■ Aim of the exercise ■
Reproduce verbatim only the lines from the one containing "using \<open>0 < \<delta>\<close> by (intro" through the last line below, both included.

■ Records shown ■

--- --- ---

lemma open_un_bounded_below:
  "open {S :: 'a::banach_lattice \<Rightarrow>\<^sub>L 'b::real_normed_vector. un_bounded_below (blinfun_apply S)}"
  unfolding open_dist
proof (intro ballI)
  fix S :: "'a \<Rightarrow>\<^sub>L 'b"
  assume "S \<in> {S. un_bounded_below (blinfun_apply S)}"
  then obtain \<epsilon> \<delta> h where "0 < \<epsilon>" "0 < \<delta>" "0 \<le> h"
    and bound: "\<And>f. norm f = 1 \<Longrightarrow> norm (inf (lmod f) h) < \<epsilon> \<Longrightarrow> norm (blinfun_apply S f) \<ge> \<delta>"
    unfolding un_bounded_below_def by blast
  have "un_bounded_below (blinfun_apply R)" if "dist R S < \<delta>/2" for R
  proof -
    have "\<delta>/2 \<le> norm (blinfun_apply R f)" if f: "norm f = 1" "norm (inf (lmod f) h) < \<epsilon>" for f
    proof -
      have "norm (blinfun_apply (R - S) f) \<le> norm (R - S) * norm f"
        by (rule norm_blinfun)
      moreover have "norm (R - S) < \<delta>/2"
        using \<open>dist R S < \<delta>/2\<close> by (simp add: dist_norm)
      moreover have "norm (blinfun_apply S f) \<le> norm (blinfun_apply R f) + norm (blinfun_apply (R - S) f)"
        using norm_triangle_ineq4[of "blinfun_apply R f" "blinfun_apply (R - S) f"]
        by (simp add: blinfun.diff_left)
      ultimately show ?thesis
        using bound[OF f] f(1) by simp
    qed
    moreover have "0 < \<delta>/2"
      using \<open>0 < \<delta>\<close> by simp
    ultimately show ?thesis
      unfolding un_bounded_below_def using \<open>0 < \<epsilon>\<close> \<open>0 \<le> h\<close> by blast
  qed
  then show "\<exists>e>0. \<forall>R. dist R S < e \<longrightarrow> R \<in> {S. un_bounded_below (blinfun_apply S)}"
    using \<open>0 < \<delta>\<close> by (intro exI[of _ "\<delta>/2"]) auto
qed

--- --- ---

■ Expected output ■
    using \<open>0 < \<delta>\<close> by (intro exI[of _ "\<delta>/2"]) auto
qed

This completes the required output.